Fajitas spice mix stores really well so I will often make a larger batch. Provided you are using fresh spices, once the fajitas seasoning is made you can store it in a jar with a tight fitting lid for up to 6 months.
Feeding a crowd? No problem, this recipe is easily doubled to feed more people. However, I recommend spreading the chicken and veggies over 2 separate sheet pans, giving them plenty time to roast.
Store leftovers in an airtight container in the refrigerator for up to 3 days. They can be reheated in a warm oven or in the microwave. For a quick and easy lunch, add them to a salad, sandwich or wrap the following day.
Pro Tip: Don’t overcrowd the sheet pan. Overcrowding the sheet pan will only cause the chicken and vegetables to steam rather than roast. Instead spread the chicken and vegetables out in a single layer which will ensure an even cook.

OTHER CHICKEN RECIPES YOU MIGHT LIKE:
- GREEK MARINATED CHICKEN KABOBS
- SUN-DRIED TOMATO FARRO CHICKEN BAKE
- RANCH CHICKEN THIGHS
- YOGURT MARINATED CHICKEN TENDERS
- AIR FRYER MEDITERRANEAN CHICKEN THIGHS
- CHICKEN SOUVLAKI
- CHICKEN KOFTA

Sheet Pan Chicken Fajitas
Ingredients
- 1 1/2 pounds boneless skinless chicken breasts sliced into thick strips
- 1 red, yellow and green bell pepper, seeds removed, thinly sliced
- 1 red onion, thinly sliced
- 2 tbsps. extra virgin olive oil
- 3 garlic cloves, minced
- Fresh cilantro, chopped, garnished
- Lime wedges, for serving
FOR THE FAJITA SEASONING
- 2 tsps. chili powder
- 2 tsps. cumin
- 1 tsp. oregano
- 1 tsp. paprika
- 1/4 tsp. cayenne red pepper {optional}
- 1/2 tsp. onion powder
- 1/4 tsp. salt
- 1/8 tsp. black pepper
FOR SERVING
- Tortillas
- Sour cream
- Cheese, shredded
- Salsa
Instructions
- Preheat the oven to 425 degrees F.
- Spray a baking sheet with non-stick spray.
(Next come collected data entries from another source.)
lemma tree_dist_vertices: "tree_dist E (v, v, 0) (w, w, 0) = real (gdist E v w)"
proof -
  have "{s + real (gdist E x y) + r | x s y r. (x, s) \<in> {(v, 0::real)} \<and> (y, r) \<in> {(w, 0::real)}}
        = {real (gdist E v w)}" by auto
  then show ?thesis unfolding tree_dist_def tree_ends_def by simp
qed

lemma tree_points_cases:
  assumes "p \<in> tree_points V E"
  obtains (vertex) v where "v \<in> V" "p = (v, v, 0)"
    | (edge) a b t where "E a b" "a < b" "0 < t" "t < 1" "p = (a, b, t)"
  using assms unfolding tree_points_def by blast

lemma tree_dist_candidates_image:
  "{s + real (gdist E x y) + r | x s y r. (x, s) \<in> A \<and> (y, r) \<in> B}
     = (\<lambda>((x, s), (y, r)). s + real (gdist E x y) + r) ` (A \<times> B)"
  by force

locale tree_graph =
  fixes V :: "nat set" and E :: "nat \<Rightarrow> nat \<Rightarrow> bool"
  assumes tree: "simplicial_tree V E"
begin

lemma edge_in_V: "E x y \<Longrightarrow> x \<in> V" "E x y \<Longrightarrow> y \<in> V"
  and symp_edge: "symp E"
  and edge_irrefl: "E x y \<Longrightarrow> x \<noteq> y"
  using tree unfolding simplicial_tree_def symp_def by blast+

lemma connected: "x \<in> V \<Longrightarrow> y \<in> V \<Longrightarrow> \<exists>n. (E ^^ n) x y"
  using tree unfolding simplicial_tree_def by blast

lemma no_cycle:
  assumes "3 \<le> length xs" "distinct xs" "successively E xs"
  shows "\<not> E (last xs) (hd xs)"
proof -
  have "\<not> (\<exists>xs. 3 \<le> length xs \<and> distinct xs \<and>
      (\<forall>i. Suc i < length xs \<longrightarrow> E (xs ! i) (xs ! Suc i)) \<and> E (last xs) (hd xs))"
    using tree unfolding simplicial_tree_def by blast
  then show ?thesis using assms unfolding successively_conv_nth by blast
qed

lemma relpowp_in_V: "(E ^^ n) x y \<Longrightarrow> x \<in> V \<Longrightarrow> y \<in> V"
  by (induction n arbitrary: y) (auto elim: relpowp_Suc_E dest: edge_in_V)

lemma gdist_relpowp: "x \<in> V \<Longrightarrow> y \<in> V \<Longrightarrow> (E ^^ gdist E x y) x y"
  unfolding gdist_def using connected by (meson LeastI)

lemma gdist_sym:
  assumes "x \<in> V" "y \<in> V"
  shows "gdist E x y = gdist E y x"
proof -
  have "gdist E u v \<le> gdist E v u" if "u \<in> V" "v \<in> V" for u v
    using gdist_le relpowp_sym[OF symp_edge gdist_relpowp[OF that(2,1)]] .
  then show ?thesis using assms by (simp add: antisym)
qed

lemma gdist_triangle:
  "x \<in> V \<Longrightarrow> y \<in> V \<Longrightarrow> z \<in> V \<Longrightarrow> gdist E x z \<le> gdist E x y + gdist E y z"
  using gdist_relpowp gdist_le relpowp_trans by metis

lemma del_edge_disconnects:
  assumes "E q p"
  shows "\<not> (del_edge E q p)\<^sup>*\<^sup>* q p"
proof
  assume "(del_edge E q p)\<^sup>*\<^sup>* q p"
  then obtain xs where "rtrancl_path (del_edge E q p) q xs p"
    by (auto simp: rtranclp_eq_rtrancl_path)
  then obtain ys where ys: "rtrancl_path (del_edge E q p) q ys p" "distinct (q # ys)"
    by (rule rtrancl_path_distinct)
  then have path: "successively (del_edge E q p) (q # ys)" "last (q # ys) = p"
    by (simp_all add: rtrancl_path_iff_successively)
  have "ys \<noteq> []" using path(2) edge_irrefl[OF assms] by auto
  moreover have "ys \<noteq> [p]" using path(1) by (auto simp: del_edge_def)
  ultimately have "3 \<le> length (q # ys)" using path(2) by (cases ys rule: remdups_adj.cases) auto
  moreover have "successively E (q # ys)"
    using path(1) by (rule successively_mono) (simp add: del_edge_def)
  moreover have "E (last (q # ys)) (hd (q # ys))" using path(2) sympD[OF symp_edge assms] by simp
  ultimately show False using no_cycle ys(2) by blast
qed
lemma Ck_on_mult: "Ck_on k S (a :: _ \<Rightarrow> real) \<Longrightarrow> Ck_on k S b \<Longrightarrow> Ck_on k S (\<lambda>x. a x * b x)"
  using Ck_on_scaleR[of k S a b] by simp

lemma Ck_on_inverse:
  assumes "Ck_on k S (u :: _ \<Rightarrow> real)" "\<forall>x\<in>S. u x \<noteq> 0"
  shows "Ck_on k S (\<lambda>x. inverse (u x))"
  using assms
proof (induction k)
  case 0 then show ?case by (auto intro: continuous_on_inverse)
next
  case (Suc k)
  from Suc.prems obtain u' where
    u: "\<forall>x\<in>S. (u has_derivative u' x) (at x)" "\<forall>v. Ck_on k S (\<lambda>x. u' x v)" by auto
  have "Ck_on k S (\<lambda>x. inverse (u x))" using Suc Ck_on_SucD by blast
  then have "Ck_on k S (\<lambda>x. - (inverse (u x) * u' x v * inverse (u x)))" for v
    using Ck_on_bounded_linear[OF bounded_linear_minus[OF bounded_linear_ident]]
    by (blast intro: Ck_on_mult u(2)[rule_format])
  moreover have "((\<lambda>x. inverse (u x)) has_derivative (\<lambda>v. - (inverse (u x) * u' x v * inverse (u x)))) (at x)"
    if "x \<in> S" for x
    using Deriv.has_derivative_inverse[of u x "u' x" UNIV] Suc.prems(2) u(1) that by blast
  ultimately show ?case by (rule Ck_on_SucI[rotated])
qed

lemma Ck_on_cong:
  assumes "open S" "\<And>x. x \<in> S \<Longrightarrow> f x = g x" "Ck_on k S f"
  shows "Ck_on k S g"
proof (cases k)
  case 0
  then show ?thesis using assms(2,3) continuous_on_cong[OF refl, of S f g] by simp
next
  case (Suc m)
  from assms(3) obtain f' where
    f: "\<forall>x\<in>S. (f has_derivative f' x) (at x)" "\<forall>v. Ck_on m S (\<lambda>x. f' x v)" by (auto simp: Suc)
  have "(g has_derivative f' x) (at x)" if "x \<in> S" for x
    by (rule has_derivative_transform_within_open[OF f(1)[rule_format, OF that] assms(1) that assms(2)])
  then show ?thesis unfolding Suc using f(2) by auto
qed

lemma Ck_on_local:
  assumes "\<And>x. x \<in> S \<Longrightarrow> \<exists>V. open V \<and> x \<in> V \<and> Ck_on k V f"
  shows "Ck_on k S f"
  using assms
proof (induction k arbitrary: f)
  case 0
  have "isCont f x" if "x \<in> S" for x
    using 0[OF that] continuous_on_eq_continuous_at by auto
  then show ?case by (simp add: continuous_at_imp_continuous_on)
next
  case (Suc k)
  have D: "\<exists>V f'. open V \<and> x \<in> V \<and> (\<forall>y\<in>V. (f has_derivative f' y) (at y)) \<and> (\<forall>v. Ck_on k V (\<lambda>y. f' y v))"
    if "x \<in> S" for x using Suc.prems[OF that] by auto
  have "(f has_derivative frechet_derivative f (at x)) (at x)" if "x \<in> S" for x
    using D[OF that] frechet_derivative_works differentiableI by blast
  moreover have "Ck_on k S (\<lambda>x. frechet_derivative f (at x) v)" for v
  proof (rule Suc.IH)
    fix x assume "x \<in> S"
    then obtain V f' where V: "open V" "x \<in> V" "\<forall>y\<in>V. (f has_derivative f' y) (at y)"
      "\<forall>v. Ck_on k V (\<lambda>y. f' y v)"
      using D by blast
    have "Ck_on k V (\<lambda>y. frechet_derivative f (at y) v)"
      by (rule Ck_on_cong[OF V(1) _ V(4)[rule_format, of v]])
        (use V(3) frechet_derivative_at in metis)
    then show "\<exists>V. open V \<and> x \<in> V \<and> Ck_on k V (\<lambda>x. frechet_derivative f (at x) v)" using V by blast
  qed
  ultimately show ?case by (rule Ck_on_SucI)
qed

text \<open>The derivative of \<open>g \<circ> c\<close> is expanded in a basis, so that the \<open>C\<^sup>k\<close> hypothesis on the
  directional derivatives of \<open>g\<close> applies to each term.\<close>
lemma Ck_on_compose:
  fixes g :: "'b::euclidean_space \<Rightarrow> 'c::real_normed_vector" and c :: "'a::real_normed_vector \<Rightarrow> 'b"
  assumes "Ck_on k W g" "Ck_on k T c" "c ` T \<subseteq> W"
  shows "Ck_on k T (\<lambda>x. g (c x))"
  using assms
proof (induction k arbitrary: g c)
  case 0
  then show ?case using continuous_on_compose2 by auto
next
  case (Suc k)
  from Suc.prems obtain g' where
    g: "\<forall>x\<in>W. (g has_derivative g' x) (at x)" "\<forall>v. Ck_on k W (\<lambda>x. g' x v)" by auto
  from Suc.prems obtain c' where
    c: "\<forall>x\<in>T. (c has_derivative c' x) (at x)" "\<forall>v. Ck_on k T (\<lambda>x. c' x v)" by auto
  have c0: "Ck_on k T c" using Suc.prems Ck_on_SucD by blast
  define D where "D x v = (\<Sum>i\<in>Basis. (c' x v \<bullet> i) *\<^sub>R g' (c x) i)" for x v
  have "((\<lambda>x. g (c x)) has_derivative D x) (at x)" if "x \<in> T" for x
  proof -
    have cx: "c x \<in> W" using that Suc.prems(3) by blast
    have L: "linear (g' (c x))" using g(1) cx has_derivative_linear by blast
    have "g' (c x) (c' x v) = D x v" for v
      unfolding D_def by (subst euclidean_representation[symmetric, of "c' x v"])
        (simp add: linear_sum[OF L] linear_scale[OF L])
    moreover have "((\<lambda>x. g (c x)) has_derivative (\<lambda>v. g' (c x) (c' x v))) (at x)"
      using has_derivative_compose[of c "c' x" x UNIV g "g' (c x)"] c(1) g(1) that cx by blast
    ultimately show ?thesis by (simp add: fun_eq_iff)
  qed
  moreover have "Ck_on k T (\<lambda>x. D x v)" for v
    unfolding D_def
  proof (intro Ck_on_sum finite_Basis Ck_on_scaleR)
    fix i :: 'b
    show "Ck_on k T (\<lambda>x. c' x v \<bullet> i)"
      using Ck_on_bounded_linear[OF bounded_linear_inner_left c(2)[rule_format, of v]] .
    show "Ck_on k T (\<lambda>x. g' (c x) i)"
      using Suc.IH[OF g(2)[rule_format, of i] c0 Suc.prems(3)] .
  qed
  ultimately show ?case by auto
qed

lemma smooth_onD: "smooth_on S f \<Longrightarrow> Ck_on k S f"
  by (simp add: smooth_on_def)

lemma smooth_on_continuous_on: "smooth_on S f \<Longrightarrow> continuous_on S f"
  using smooth_onD[of S f 0] by simp

lemma smooth_on_const: "smooth_on S (\<lambda>x. c)"
  by (simp add: smooth_on_def Ck_on_const)

lemma smooth_on_ident: "smooth_on S (\<lambda>x. x)"
  by (simp add: smooth_on_def Ck_on_ident)

lemma smooth_on_add: "smooth_on S f \<Longrightarrow> smooth_on S g \<Longrightarrow> smooth_on S (\<lambda>x. f x + g x)"
  by (simp add: smooth_on_def Ck_on_add)

lemma smooth_on_scaleR:
  "smooth_on S (a :: _ \<Rightarrow> real) \<Longrightarrow> smooth_on S F \<Longrightarrow> smooth_on S (\<lambda>x. a x *\<^sub>R F x)"
  by (simp add: smooth_on_def Ck_on_scaleR)

lemma smooth_on_mult:
  "smooth_on S (a :: _ \<Rightarrow> real) \<Longrightarrow> smooth_on S b \<Longrightarrow> smooth_on S (\<lambda>x. a x * b x)"
  by (simp add: smooth_on_def Ck_on_mult)

lemma smooth_on_inverse:
  "smooth_on S (u :: _ \<Rightarrow> real) \<Longrightarrow> \<forall>x\<in>S. u x \<noteq> 0 \<Longrightarrow> smooth_on S (\<lambda>x. inverse (u x))"
  by (simp add: smooth_on_def Ck_on_inverse)

lemma smooth_on_compose:
  fixes g :: "'b::euclidean_space \<Rightarrow> 'c::real_normed_vector"
  shows "smooth_on W g \<Longrightarrow> smooth_on T c \<Longrightarrow> c ` T \<subseteq> W \<Longrightarrow> smooth_on T (\<lambda>x. g (c x))"
  unfolding smooth_on_def by (blast intro: Ck_on_compose)

lemma smooth_on_cong: "open S \<Longrightarrow> (\<And>x. x \<in> S \<Longrightarrow> f x = g x) \<Longrightarrow> smooth_on S f \<Longrightarrow> smooth_on S g"
  unfolding smooth_on_def by (metis Ck_on_cong)

lemma smooth_on_subset: "smooth_on S f \<Longrightarrow> T \<subseteq> S \<Longrightarrow> smooth_on T f"
  unfolding smooth_on_def using Ck_on_subset by blast

lemma smooth_on_local:
  assumes "\<And>x. x \<in> S \<Longrightarrow> \<exists>V. open V \<and> x \<in> V \<and> smooth_on V f"
  shows "smooth_on S f"
  unfolding smooth_on_def using assms by (metis Ck_on_local smooth_onD)

lemma smooth_on_affine: "smooth_on S (\<lambda>t::real. a * t + b)"
  by (intro smooth_on_add smooth_on_mult smooth_on_const smooth_on_ident)

lemma smooth_on_compose_affine:
  "smooth_on UNIV c \<Longrightarrow> smooth_on S (\<lambda>t::real. c (a * t + b))"
  by (erule smooth_on_compose[OF _ smooth_on_affine]) simp

section \<open>A smooth step function\<close>

definition flat_exp :: "nat \<Rightarrow> real \<Rightarrow> real" where
  "flat_exp n t = (if t > 0 then inverse t ^ n * exp (- inverse t) else 0)"

lemma flat_exp_nonpos [simp]: "t \<le> 0 \<Longrightarrow> flat_exp n t = 0"
  by (simp add: flat_exp_def)

lemma flat_exp_pos: "t > 0 \<Longrightarrow> flat_exp n t > 0"
  by (simp add: flat_exp_def)

lemma flat_exp_nonneg: "flat_exp n t \<ge> 0"
  by (simp add: flat_exp_def)

lemma tendsto_flat_exp_0: "(flat_exp n \<longlongrightarrow> 0) (at 0)"
proof -
  have "((\<lambda>t. inverse t ^ n / exp (inverse t)) \<longlongrightarrow> (0::real)) (at_right 0)"
    using filterlim_compose[OF tendsto_power_div_exp_0 filterlim_inverse_at_top_right] .
  then have "(flat_exp n \<longlongrightarrow> 0) (at_right 0)"
    by (rule Lim_transform_eventually, intro eventually_mono[OF eventually_at_right_less])
      (simp add: flat_exp_def exp_minus divide_inverse)
  moreover have "(flat_exp n \<longlongrightarrow> 0) (at_left 0)"
    by (rule Lim_transform_eventually[OF tendsto_const], intro eventually_mono[OF eventually_at_left_real[of "-1" 0]])
      auto
  ultimately show ?thesis using filterlim_at_split by blast
qed

text \<open>At \<open>0\<close> the difference quotient of \<open>flat_exp n\<close> is \<open>flat_exp (Suc n)\<close>, which tends to \<open>0\<close>.\<close>
lemma has_field_derivative_flat_exp:
  "(flat_exp n has_field_derivative (- real n * flat_exp (Suc n) t + flat_exp (Suc (Suc n)) t)) (at t)"
proof (cases t "0::real" rule: linorder_cases)
  case less
  have "((\<lambda>t. 0) has_field_derivative 0) (at t)" by simp
  then have "(flat_exp n has_field_derivative 0) (at t)"
    by (rule has_field_derivative_transform_within_open[of _ _ t "{..<0}"]) (use less in auto)
  then show ?thesis using less by simp
next
  case equal
  have "(\<lambda>y. (flat_exp n y - flat_exp n 0) / (y - 0)) = flat_exp (Suc n)"
    by (simp add: fun_eq_iff flat_exp_def divide_inverse)
  then show ?thesis
    using tendsto_flat_exp_0[of "Suc n"] unfolding equal has_field_derivative_iff by simp
next
  case greater
  have "((\<lambda>t. inverse t ^ n * exp (- inverse t)) has_field_derivative
     (real n * inverse t ^ (n - 1) * (- inverse t * inverse t)) * exp (- inverse t)
      + inverse t ^ n * (exp (- inverse t) * (inverse t * inverse t))) (at t)"
    using greater by (auto intro!: derivative_eq_intros simp: power2_eq_square)
  moreover have "(real n * inverse t ^ (n - 1) * (- inverse t * inverse t)) * exp (- inverse t)
      + inverse t ^ n * (exp (- inverse t) * (inverse t * inverse t))
    = (- real n * inverse t ^ Suc n + inverse t ^ Suc (Suc n)) * exp (- inverse t)"
    by (cases n) (simp_all add: algebra_simps)
  moreover have "\<dots> = - real n * flat_exp (Suc n) t + flat_exp (Suc (Suc n)) t"
    using greater by (simp add: flat_exp_def algebra_simps)
  ultimately have "((\<lambda>t. inverse t ^ n * exp (- inverse t)) has_field_derivative
      - real n * flat_exp (Suc n) t + flat_exp (Suc (Suc n)) t) (at t)"
    by simp
  then show ?thesis
    by (rule has_field_derivative_transform_within_open[of _ _ t "{0<..}"]) (use greater in \<open>auto simp: flat_exp_def\<close>)
qed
Place the bell peppers and onion on the baking sheet spreading them evenly.
- Lay the chicken strips on top of the vegetables.
- In a small bowl combine the fajita seasoning: chili powder, cumin, oregano, paprika, cayenne red pepper, onion poweder, salt and pepper. Mix well.
- Sprinkle the seasoning over the chicken and vegetables and use tongs or your hands to coat the chicken and vegetables.
- Drizzle the olive oil over the chicken and vegetables. Sprinkle the minced garlic over the sheet pan meal.
- Bake the chicken and vegetables for 15 minutes or until chicken is cooked through (165 degrees if you test with a thermometer).
- Remove from the oven. Squeeze the lime juice over the chicken and vegetables along with fresh cilantro.
- Serve with your favorite fajitas toppings like tortillas, sour cream, cheese, and salsa.
Notes
- You can add more or less seasoning depending on your prefernces. I suggest baking the fajitas and then tasting the finished chicken and vegetables and adding more seasoning after cooking.
- You could use shrimp, steak or pork in place of the chicken.